Stored data
::::

definition fibre_adj :: "'a sgraph \<Rightarrow> ('a \<Rightarrow> 'b \<times> 'c) \<Rightarrow> 'a \<Rightarrow> 'a \<Rightarrow> bool" where
  "fibre_adj F f x y \<longleftrightarrow> adj F x y \<and> fst (f x) = fst (f y)"

definition fibre_partition :: "'a sgraph \<Rightarrow> ('a \<Rightarrow> 'b \<times> 'c) \<Rightarrow> 'a set set" where
  "fibre_partition F f = components (verts F) (fibre_adj F f)"

lemma symp_fibre_adj: "simple_graph F \<Longrightarrow> symp (fibre_adj F f)"
  using simple_graph_adjD by (fastforce simp: fibre_adj_def intro: sympI)

lemma fibre_partition_connected:
  assumes "simple_graph F"
  shows "fibre_partition F f \<in> connected_partitions F"
proof -
  have "fibre_adj F f x y \<Longrightarrow> x \<in> verts F \<and> y \<in> verts F" for x y
    using simple_graph_adjD[OF assms] by (auto simp: fibre_adj_def)
  moreover have "fibre_adj F f x y \<Longrightarrow> adj F x y" for x y
    by (simp add: fibre_adj_def)
  ultimately show ?thesis
    unfolding connected_partitions_def fibre_partition_def
    using partition_on_components connected_graph_induced_component symp_fibre_adj[OF assms]
    by blast
qed

lemma partition_on_fibre_partition:
  "simple_graph F \<Longrightarrow> partition_on (verts F) (fibre_partition F f)"
  using fibre_partition_connected by (auto simp: connected_partitions_def)

lemma fst_eq_on_fibre_partition:
  assumes "simple_graph F" "P \<in> fibre_partition F f" "x \<in> P" "y \<in> P"
  shows "fst (f x) = fst (f y)"
proof -
  have "(fibre_adj F f)\<^sup>*\<^sup>* x y"
    using component_eq[OF symp_fibre_adj[OF assms(1)]] assms(2-4) by (auto simp: fibre_partition_def)
  then show ?thesis
    by (induction rule: rtranclp_induct) (auto simp: fibre_adj_def)
qed
lemma law_eq_on_subset_of_piece:
  assumes tp: "test_partition (distr M borel X) (distr M borel Y) A B C"
    and S: "S \<in> sets borel" "S \<subseteq> A"
  shows "PX.prob S = PY.prob S"
proof -
  have part: "borel_partition A B C" and QB: "PY.prob B > 0" and QC: "PY.prob C > 0"
    using tp by (auto simp: test_partition_def)
  have [measurable]: "A \<in> sets borel" "B \<in> sets borel" "C \<in> sets borel"
    using part by (auto simp: borel_partition_def)
  have eq: "PX.prob A = PY.prob A" "PX.prob B = PY.prob B" "PX.prob C = PY.prob C"
    using law_eq_on_test_partition[OF tp] by auto
  have PXB: "PX.prob B > 0" and PXC: "PX.prob C > 0" using QB QC eq by auto
  have moved: "PX.prob T = PY.prob T"
    if T[measurable]: "T \<in> sets borel" "T \<subseteq> A" and QT: "PY.prob (A - T) > 0" for T
  proof -
    have "borel_partition (A - T) (B \<union> T) C" using part T unfolding borel_partition_def by auto
    moreover have "PY.prob (B \<union> T) \<ge> PY.prob B" "PX.prob (B \<union> T) \<ge> PX.prob B"
      by (intro PY.finite_measure_mono PX.finite_measure_mono; simp)+
    ultimately have "test_partition (distr M borel X) (distr M borel Y) (A - T) (B \<union> T) C"
      unfolding test_partition_def using QT QB QC PXB PXC by auto
    then have "PX.prob (B \<union> T) = PY.prob (B \<union> T)" using law_eq_on_test_partition by blast
    moreover have "B \<inter> T = {}" using part T unfolding borel_partition_def by auto
    ultimately show ?thesis
      using eq PX.finite_measure_Union[of B T] PY.finite_measure_Union[of B T] by simp
  qed
  show ?thesis
  proof (cases "PY.prob (A - S) > 0")
    case True
    then show ?thesis using moved S by blast
  next
    case False
    then have "PY.prob S > 0"
      using S PY.finite_measure_Diff[of A S] eq QB QC part tp by (auto simp: test_partition_def)
    moreover have "A - (A - S) = S" using S by auto
    ultimately have "PX.prob (A - S) = PY.prob (A - S)" using moved[of "A - S"] S by auto
    then show ?thesis using S eq PX.finite_measure_Diff[of A S] PY.finite_measure_Diff[of A S] by simp
  qed
qed

lemma law_eq_if_test_partition:
  assumes tp: "test_partition (distr M borel X) (distr M borel Y) A B C"
  shows "distr M borel X = distr M borel Y"
proof (rule measure_eqI)
  fix S assume "S \<in> sets (distr M borel X)"
  then have S: "S \<in> sets borel" by simp
  have part: "borel_partition A B C" using tp by (simp add: test_partition_def)
  have "PX.prob (S \<inter> A) = PY.prob (S \<inter> A)"
    using law_eq_on_subset_of_piece[OF tp] part S by (auto simp: borel_partition_def)
  moreover have "PX.prob (S \<inter> B) = PY.prob (S \<inter> B)"
    using law_eq_on_subset_of_piece[OF test_partition_rotate[OF tp]] part S
    by (auto simp: borel_partition_def)
  moreover have "PX.prob (S \<inter> C) = PY.prob (S \<inter> C)"
    using law_eq_on_subset_of_piece[OF test_partition_rotate[OF test_partition_rotate[OF tp]]] part S
    by (auto simp: borel_partition_def)
  ultimately have "PX.prob S = PY.prob S"
    using PX.prob_partition_split[OF part S] PY.prob_partition_split[OF part S] by simp
  then show "emeasure (distr M borel X) S = emeasure (distr M borel Y) S"
    by (simp add: PX.emeasure_eq_measure PY.emeasure_eq_measure)
qed simp

end

theorem theorem2:
  fixes M :: "'a measure" and X Y :: "'a \<Rightarrow> real"
  assumes "prob_space M" and "atomless M"
    and "L2 M X" and "L2 M Y"
    and "distr M borel X \<noteq> distr M borel Y"
    and "infinite (supp M Y) \<or> card (supp M Y) > 2"
  shows "IC M X Y \<longleftrightarrow> IC_r M 0 X Y"
proof
  assume "IC_r M 0 X Y"
  then show "IC M X Y" unfolding IC_def by force
next
  interpret prob_space M by fact
  have X[measurable]: "X \<in> borel_measurable M" and Y[measurable]: "Y \<in> borel_measurable M"
    and X_sq: "integrable M (\<lambda>\<omega>. (X \<omega>)\<^sup>2)" and X_nondeg: "\<not> (\<exists>c. AE \<omega> in M. X \<omega> = c)"
    using assms(3,4) unfolding L2_def by auto
  assume "IC M X Y"
  then obtain r where ICr: "IC_r M r X Y" unfolding IC_def by auto
  show "IC_r M 0 X Y"
  proof (cases "r = 0")
    case False
    then interpret nonzero_invariant_correlation M X Y r
      using ICr X Y by unfold_locales (auto simp: IC_r_def)
    obtain A B C where "borel_partition A B C" "PY.prob A > 0" "PY.prob B > 0" "PY.prob C > 0"
      using supp_three_points_partition[OF Y assms(6)] by blast
    moreover have "integrable M X" using square_integrable_imp_integrable[OF X X_sq] .
    ultimately obtain A' B' C' where "test_partition (distr M borel X) (distr M borel Y) A' B' C'"
      using test_partition_exists[OF PX.real_distribution_axioms PY.real_distribution_axioms]
        law_splits_at_expectation[OF _ X_nondeg] by (metis borel_open open_greaterThan)
    then show ?thesis using law_eq_if_test_partition assms(5) by blast
  qed (use ICr in simp)
qed

end
lemma detour_through_lightest:
  assumes z: "lightest z" and zy: "E z y" and P: "detour V E P"
  obtains Q where "detour V E Q" "z \<in> set Q"
proof (cases "z \<in> set P")
  case True
  then show ?thesis using that P by blast
next
  case False
  have "distinct P" and PV: "set P \<subseteq> V" and "successively E P"
    using P by (auto simp: detour_def is_path_iff_successively)
  then obtain W where W: "distinct W" "successively E W" "set W \<subseteq> set P - {y}"
    "length P \<le> length W + 2"
    by (rule path_delete_vertex)
  have zV: "z \<in> V" and yV: "y \<in> V" and "z \<noteq> y"
    using z zy adj_in_vertices adj_irrefl by (auto simp: lightest_def)
  have "E y (hd W)" if "W \<noteq> []"
  proof -
    have "hd W \<in> V - {y}" using W(3) PV hd_in_set[OF that] by blast
    then show ?thesis using adj_neighbour_of_lightest[OF z zy] adj_sym by blast
  qed
  then have "successively E (z # y # W)" using zy W(2) by (cases W) auto
  moreover have "distinct (z # y # W)" using W(1,3) False \<open>z \<noteq> y\<close> by auto
  moreover have "set (z # y # W) \<subseteq> V" using W(3) PV zV yV by auto
  ultimately have "is_path V E (z # y # W)" by (simp add: is_path_iff_successively)
  moreover have "length P \<le> length (z # y # W)" using W(4) by simp
  ultimately have "detour V E (z # y # W)" using P unfolding detour_def by (meson le_trans)
  then show ?thesis using that by simp
qed

lemma cycle_through_lightest:
  assumes z: "lightest z" and zy: "E z y" and zy': "E z y'" and "y \<noteq> y'"
    and W: "distinct W" "successively E W" "set W \<subseteq> V - {y, y', z}"
  shows "is_cycle V E (y' # W @ [y, z])"
proof -
  have to_y: "E w y" if "w \<in> V" "w \<noteq> y" for w
    using adj_neighbour_of_lightest[OF z zy that] .
  have from_y': "E y' w" if "w \<in> V" "w \<noteq> y'" for w
    using adj_neighbour_of_lightest[OF z zy' that] adj_sym by blast
  have "successively E (y' # W @ [y, z])"
  proof (cases "W = []")
    case True
    then show ?thesis using from_y' adj_in_vertices zy adj_sym assms(4) by auto
  next
    case False
    then have "hd W \<in> V - {y, y', z}" "last W \<in> V - {y, y', z}"
      using W(3) hd_in_set[OF False] last_in_set[OF False] by blast+
    then have "E y' (hd W)" "E (last W) y" using to_y from_y' by auto
    then show ?thesis using False W zy adj_sym
      by (auto simp: successively_append_iff successively_Cons)
  qed
  then show ?thesis using W zy zy' assms(4) adj_sym adj_irrefl adj_in_vertices
    by (auto simp: is_cycle_def is_path_iff_successively)
qed

lemma cummerbund_through_lightest:
  assumes z: "lightest z" and zy: "E z y" and zy': "E z y'" and "y \<noteq> y'"
    and C: "cummerbund V E C"
  obtains Q where "cummerbund V E Q" "z \<in> set Q"
proof (cases "z \<in> set C")
  case True
  then show ?thesis using that C by blast
next
  case False
  have "is_cycle V E C" using C by (simp add: cummerbund_def)
  then obtain X where X: "distinct X" "successively E X" "set X \<subseteq> set C - {y}"
    "length C \<le> length X + 1"
    by (rule cycle_delete_vertex)
  have "set C \<subseteq> V" using C by (auto simp: cummerbund_def is_cycle_def is_path_def)
  with X(3) have "set X \<subseteq> V" by auto
  with X(1,2) obtain W where W: "distinct W" "successively E W" "set W \<subseteq> set X - {y'}"
    "length X \<le> length W + 2"
    using path_delete_vertex by blast
  have "is_cycle V E (y' # W @ [y, z])"
    using cycle_through_lightest[OF z zy zy' \<open>y \<noteq> y'\<close> W(1,2)] W(3) X(3) False \<open>set C \<subseteq> V\<close>
    by blast
  moreover have "length C \<le> length (y' # W @ [y, z])" using X(4) W(4) by simp
  ultimately have "cummerbund V E (y' # W @ [y, z])" using C by (force simp: cummerbund_def)
  then show ?thesis using that by simp
qed

lemma detour_covered_if_lightest_on_detour:
  assumes z: "lightest z" and Q: "detour V E Q" "z \<in> set Q"
  shows "detour_covered V E"
  unfolding detour_covered_def
proof
  fix v assume v: "v \<in> V"
  show "\<exists>xs. detour V E xs \<and> v \<in> set xs"
  proof (cases "v \<in> set Q")
    case False
    obtain L R where LR: "Q = L @ z # R" using Q(2) by (meson split_list)
    have "is_path V E (L @ v # R)"
      using path_replace_vertex[of L z R v] v z Q(1) False LR
      by (auto simp: detour_def lightest_def)
    then have "detour V E (L @ v # R)" using Q(1) LR by (auto simp: detour_def)
    then show ?thesis by auto
  qed (use Q in blast)
qed

lemma cummerbund_covered_if_lightest_on_cummerbund:
  assumes z: "lightest z" and C: "cummerbund V E C" "z \<in> set C"
  shows "cummerbund_covered V E"
  unfolding cummerbund_covered_def
proof
  fix v assume v: "v \<in> V"
  show "\<exists>xs. cummerbund V E xs \<and> v \<in> set xs"
  proof (cases "v \<in> set C")
    case False
    obtain X where X: "is_cycle V E (z # X)" "set (z # X) = set C" "length (z # X) = length C"
      using is_cycle_rotate_to C by (metis cummerbund_def)
    then have "is_cycle V E (v # X)"
      using cycle_replace_hd[of z X v] v z False by (auto simp: lightest_def)
    then have "cummerbund V E (v # X)" using C(1) X(3) by (auto simp: cummerbund_def)
    then show ?thesis by auto
  qed (use C in blast)
qed

lemma detour_covered_if_connected:
  assumes conn: "graph_connected V E"
  shows "detour_covered V E"
proof -
  obtain z where z: "lightest z"
    using lightest_exists conn by (auto simp: graph_connected_def)
  then have zV: "z \<in> V" by (simp add: lightest_def)
  obtain Q where "detour V E Q" "z \<in> set Q"
  proof (cases "\<exists>y. E z y")
    case True
    then obtain y where "E z y" ..
    obtain P where "detour V E P"
      using detour_exists[OF finite_vertices, of E "[z]"] zV by (auto simp: is_path_def)
    then show ?thesis using detour_through_lightest[OF z \<open>E z y\<close>] that by blast
  next
    case False
    then have "V = {z}" using connected_adj_exists[OF conn zV] zV by blast
    then have "detour V E [z]"
      using length_path_le_card[OF finite_vertices] by (auto simp: detour_def is_path_def)
    then show ?thesis using that by simp
  qed
  then show ?thesis using detour_covered_if_lightest_on_detour[OF z] by blast
qed
lemma nn_integral_simplex_superlevel:
  assumes "barycentric n V \<beta>" "i \<le> n" "s \<noteq> 1"
    and "emeasure (PiM_lborel n) (simplex_of n V) = ennreal v" "0 \<le> v"
  shows "(\<integral>\<^sup>+x. (if x \<in> simplex_of n V \<and> 0 \<le> s \<and> s \<le> \<beta> i x then 1 else 0) \<partial>PiM_lborel n)
    = ennreal (indicator {0..1} s * ((1 - s) ^ n * v))"
proof -
  consider "s < 0" | "0 \<le> s" "s < 1" | "1 < s"
    using assms(3) by linarith
  then show ?thesis
  proof cases
    case 2
    let ?E = "{x \<in> space (PiM_lborel n). x \<in> simplex_of n V \<and> s \<le> \<beta> i x}"
    have [measurable]: "simplex_of n V \<in> sets (PiM_lborel n)"
      by (rule sets_simplex[OF assms(1)])
    have [measurable]: "\<beta> i \<in> borel_measurable (PiM_lborel n)"
      by (rule borel_measurable_barycentric[OF assms(1,2)])
    have "(\<integral>\<^sup>+x. (if x \<in> simplex_of n V \<and> 0 \<le> s \<and> s \<le> \<beta> i x then 1 else 0) \<partial>PiM_lborel n)
        = (\<integral>\<^sup>+x. indicator ?E x \<partial>PiM_lborel n)"
      using 2 by (intro nn_integral_cong) (simp add: indicator_def)
    also have "\<dots> = ennreal ((1 - s) ^ n * v)"
      using emeasure_simplex_superlevel[OF assms(1,2) 2 assms(4,5)] by simp
    finally show ?thesis
      using 2 by simp
  next
    case 3
    have "(if x \<in> simplex_of n V \<and> 0 \<le> s \<and> s \<le> \<beta> i x then 1 else 0) = (0::ennreal)" for x
      using 3 barycentric_le_1[OF assms(1) _ assms(2), of x] by auto
    then show ?thesis
      using 3 by simp
  qed simp
qed

text \<open>By Fubini the integral is that of \<open>s \<mapsto> meas {\<beta> i \<ge> s}\<close>, and \<open>{\<beta> i \<ge> s}\<close> is the simplex
  scaled by \<open>1 - s\<close> about the vertex \<open>V i\<close>.\<close>
lemma nn_integral_barycentric_coord:
  assumes "barycentric n V \<beta>" "i \<le> n"
    and "emeasure (PiM_lborel n) (simplex_of n V) = ennreal v" "0 \<le> v"
  shows "(\<integral>\<^sup>+x. indicator (simplex_of n V) x * ennreal (\<beta> i x) \<partial>PiM_lborel n) = ennreal (v / (n + 1))"
proof -
  let ?K = "simplex_of n V"
  define F where "F x s = (if x \<in> ?K \<and> 0 \<le> s \<and> s \<le> \<beta> i x then 1 else 0 :: ennreal)" for x s
  have [measurable]: "?K \<in> sets (PiM_lborel n)"
    by (rule sets_simplex[OF assms(1)])
  have [measurable]: "\<beta> i \<in> borel_measurable (PiM_lborel n)"
    by (rule borel_measurable_barycentric[OF assms(1,2)])
  have F: "case_prod F \<in> borel_measurable (PiM_lborel n \<Otimes>\<^sub>M lborel)"
    unfolding F_def by measurable
  interpret pair_sigma_finite "PiM_lborel n" lborel
    unfolding pair_sigma_finite_def using lborel_product.sigma_finite sigma_finite_lborel by simp
  have "indicator ?K x * ennreal (\<beta> i x) = (\<integral>\<^sup>+s. F x s \<partial>lborel)" for x
  proof (cases "x \<in> ?K")
    case True
    then have "0 \<le> \<beta> i x"
      using assms(2) unfolding simplex_eq[OF assms(1)] by blast
    moreover have "(\<integral>\<^sup>+s. F x s \<partial>lborel) = (\<integral>\<^sup>+s. indicator {0..\<beta> i x} s \<partial>lborel)"
      unfolding F_def using True by (intro nn_integral_cong) (simp add: indicator_def)
    ultimately show ?thesis
      using True by simp
  qed (simp add: F_def)
  then have "(\<integral>\<^sup>+x. indicator ?K x * ennreal (\<beta> i x) \<partial>PiM_lborel n)
      = (\<integral>\<^sup>+s. (\<integral>\<^sup>+x. F x s \<partial>PiM_lborel n) \<partial>lborel)"
    using Fubini'[OF F] by simp
  also have "\<dots> = (\<integral>\<^sup>+s. ennreal (indicator {0..1} s * ((1 - s) ^ n * v)) \<partial>lborel)"
    using AE_lborel_singleton[of 1] nn_integral_simplex_superlevel[OF assms(1,2) _ assms(3,4)]
    by (intro nn_integral_cong_AE) (auto simp: F_def elim!: AE_mp)
  also have "\<dots> = ennreal (v / (n + 1))"
    by (rule nn_integral_power_01[OF assms(4)])
  finally show ?thesis .
qed

section \<open>Lifting a simplex by one dimension\<close>

lemma emeasure_lborel_scaled_interval:
  fixes a b c :: real
  assumes "c \<noteq> 0" "0 \<le> b"
  shows "{t. 0 \<le> (t - a) / c \<and> (t - a) / c \<le> b} \<in> sets lborel"
    and "emeasure lborel {t. 0 \<le> (t - a) / c \<and> (t - a) / c \<le> b} = ennreal (\<bar>c\<bar> * b)"
proof -
  have "{t. 0 \<le> (t - a) / c \<and> (t - a) / c \<le> b} = (if 0 < c then {a..a + c * b} else {a + c * b..a})"
    using assms(1) by (cases "0 < c") (auto simp: zero_le_divide_iff divide_le_eq algebra_simps)
  then show "{t. 0 \<le> (t - a) / c \<and> (t - a) / c \<le> b} \<in> sets lborel"
    and "emeasure lborel {t. 0 \<le> (t - a) / c \<and> (t - a) / c \<le> b} = ennreal (\<bar>c\<bar> * b)"
    using assms by (auto simp: abs_if mult_nonpos_nonneg)
qed

text \<open>\<open>W\<close> lists the vertices of an \<open>(n + 1)\<close>-simplex lying over the vertices of \<open>V\<close>, where
  \<open>V 0\<close> carries the two vertices \<open>W 0\<close> and \<open>W (Suc n)\<close>, whose heights differ by \<open>c\<close>.\<close>
locale simplex_lift =
  fixes n :: nat and V :: "nat \<Rightarrow> nat \<Rightarrow> real" and \<beta> :: "nat \<Rightarrow> (nat \<Rightarrow> real) \<Rightarrow> real"
    and W :: "nat \<Rightarrow> nat \<Rightarrow> real" and c :: real
  assumes barycentric: "barycentric n V \<beta>"
    and W_lower: "\<And>l j. l \<le> n \<Longrightarrow> j < n \<Longrightarrow> W l j = V l j"
    and W_top: "\<And>j. j < n \<Longrightarrow> W (Suc n) j = V 0 j"
    and height: "W (Suc n) n - W 0 n = c"
    and height_nonzero: "c \<noteq> 0"
begin

text \<open>The lifted simplex is the region between the graphs of \<open>bottom\<close> and \<open>bottom + c \<beta> 0\<close>
  over the base simplex, and \<open>level\<close> is the fraction of the way up.\<close>
definition bottom :: "(nat \<Rightarrow> real) \<Rightarrow> real" where
  "bottom x = (\<Sum>l\<le>n. W l n * \<beta> l x)"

::::

What needs to be done
Among the entries above, find every line holding "obtains" and copy it.

Output for this exercise
  obtains Q where "detour V E Q" "z \<in> set Q"
  obtains Q where "cummerbund V E Q" "z \<in> set Q"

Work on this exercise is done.